■ Work to be completed
Scan the listing below and copy every line holding "proof".
____
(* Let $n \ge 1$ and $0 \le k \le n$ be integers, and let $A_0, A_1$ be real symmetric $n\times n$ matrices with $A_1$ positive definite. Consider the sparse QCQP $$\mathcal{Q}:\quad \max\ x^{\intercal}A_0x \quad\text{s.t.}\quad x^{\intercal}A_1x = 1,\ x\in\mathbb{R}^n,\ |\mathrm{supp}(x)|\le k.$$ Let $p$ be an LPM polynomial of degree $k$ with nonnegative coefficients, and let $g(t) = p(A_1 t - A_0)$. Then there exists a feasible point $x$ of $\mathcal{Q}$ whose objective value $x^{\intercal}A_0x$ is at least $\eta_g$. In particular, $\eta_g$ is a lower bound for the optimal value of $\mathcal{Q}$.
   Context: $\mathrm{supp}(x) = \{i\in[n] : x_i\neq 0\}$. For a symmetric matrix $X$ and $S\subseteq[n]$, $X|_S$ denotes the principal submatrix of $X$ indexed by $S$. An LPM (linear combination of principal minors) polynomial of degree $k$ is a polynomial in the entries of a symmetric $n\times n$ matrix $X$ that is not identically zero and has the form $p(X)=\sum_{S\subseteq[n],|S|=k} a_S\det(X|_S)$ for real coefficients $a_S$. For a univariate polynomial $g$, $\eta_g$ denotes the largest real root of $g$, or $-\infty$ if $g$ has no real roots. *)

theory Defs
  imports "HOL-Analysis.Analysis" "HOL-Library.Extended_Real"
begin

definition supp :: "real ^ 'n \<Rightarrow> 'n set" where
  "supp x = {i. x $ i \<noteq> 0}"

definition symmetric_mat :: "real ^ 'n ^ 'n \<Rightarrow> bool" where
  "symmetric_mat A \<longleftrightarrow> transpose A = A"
____
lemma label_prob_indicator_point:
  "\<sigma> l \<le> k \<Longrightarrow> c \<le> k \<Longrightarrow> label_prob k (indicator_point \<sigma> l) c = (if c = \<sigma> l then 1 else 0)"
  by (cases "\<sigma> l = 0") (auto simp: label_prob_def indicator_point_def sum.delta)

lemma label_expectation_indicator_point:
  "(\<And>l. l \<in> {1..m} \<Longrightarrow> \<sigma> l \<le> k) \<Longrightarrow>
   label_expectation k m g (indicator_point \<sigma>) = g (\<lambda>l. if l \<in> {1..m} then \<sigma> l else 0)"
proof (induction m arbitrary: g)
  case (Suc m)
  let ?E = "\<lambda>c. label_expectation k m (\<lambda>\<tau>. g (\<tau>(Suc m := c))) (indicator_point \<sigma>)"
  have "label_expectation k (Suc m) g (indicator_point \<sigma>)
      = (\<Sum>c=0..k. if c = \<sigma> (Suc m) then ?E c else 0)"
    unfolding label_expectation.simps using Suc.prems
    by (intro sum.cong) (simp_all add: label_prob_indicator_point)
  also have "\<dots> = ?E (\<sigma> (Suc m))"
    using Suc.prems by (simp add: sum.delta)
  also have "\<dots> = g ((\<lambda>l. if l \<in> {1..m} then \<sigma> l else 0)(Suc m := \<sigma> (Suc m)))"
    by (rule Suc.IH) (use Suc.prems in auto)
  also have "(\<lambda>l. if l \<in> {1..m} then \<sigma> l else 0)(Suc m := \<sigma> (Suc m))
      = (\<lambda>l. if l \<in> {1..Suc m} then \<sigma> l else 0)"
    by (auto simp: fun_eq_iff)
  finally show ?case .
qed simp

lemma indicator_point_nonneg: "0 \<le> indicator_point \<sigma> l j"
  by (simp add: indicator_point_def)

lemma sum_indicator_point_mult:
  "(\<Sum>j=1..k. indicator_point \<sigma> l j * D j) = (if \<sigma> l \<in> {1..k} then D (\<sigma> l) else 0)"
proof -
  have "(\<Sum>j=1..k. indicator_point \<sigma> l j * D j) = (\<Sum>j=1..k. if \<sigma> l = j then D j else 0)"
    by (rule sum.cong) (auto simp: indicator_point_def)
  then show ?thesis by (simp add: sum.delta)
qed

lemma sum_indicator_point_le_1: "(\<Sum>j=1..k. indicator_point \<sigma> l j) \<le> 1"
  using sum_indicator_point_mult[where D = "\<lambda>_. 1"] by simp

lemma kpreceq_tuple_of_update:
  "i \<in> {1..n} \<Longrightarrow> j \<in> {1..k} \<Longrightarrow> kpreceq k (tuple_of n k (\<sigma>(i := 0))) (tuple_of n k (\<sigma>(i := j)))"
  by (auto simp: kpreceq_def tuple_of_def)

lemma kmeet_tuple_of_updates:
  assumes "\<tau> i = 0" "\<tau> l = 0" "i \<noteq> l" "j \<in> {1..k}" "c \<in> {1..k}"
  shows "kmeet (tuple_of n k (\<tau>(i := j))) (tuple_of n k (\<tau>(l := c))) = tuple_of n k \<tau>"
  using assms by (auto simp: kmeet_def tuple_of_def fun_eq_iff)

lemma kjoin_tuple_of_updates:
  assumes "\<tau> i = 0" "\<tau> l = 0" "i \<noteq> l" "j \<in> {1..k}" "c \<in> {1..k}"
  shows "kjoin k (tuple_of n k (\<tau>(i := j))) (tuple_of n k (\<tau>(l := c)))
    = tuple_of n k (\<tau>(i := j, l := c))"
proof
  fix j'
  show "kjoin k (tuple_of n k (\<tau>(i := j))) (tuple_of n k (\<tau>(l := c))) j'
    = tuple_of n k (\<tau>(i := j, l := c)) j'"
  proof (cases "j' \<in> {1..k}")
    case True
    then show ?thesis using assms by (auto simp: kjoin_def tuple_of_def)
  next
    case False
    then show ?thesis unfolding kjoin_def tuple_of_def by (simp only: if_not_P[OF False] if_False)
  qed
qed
____
■ Exercise result
proof (induction m arbitrary: g)
proof -
proof
  proof (cases "j' \<in> {1..k}")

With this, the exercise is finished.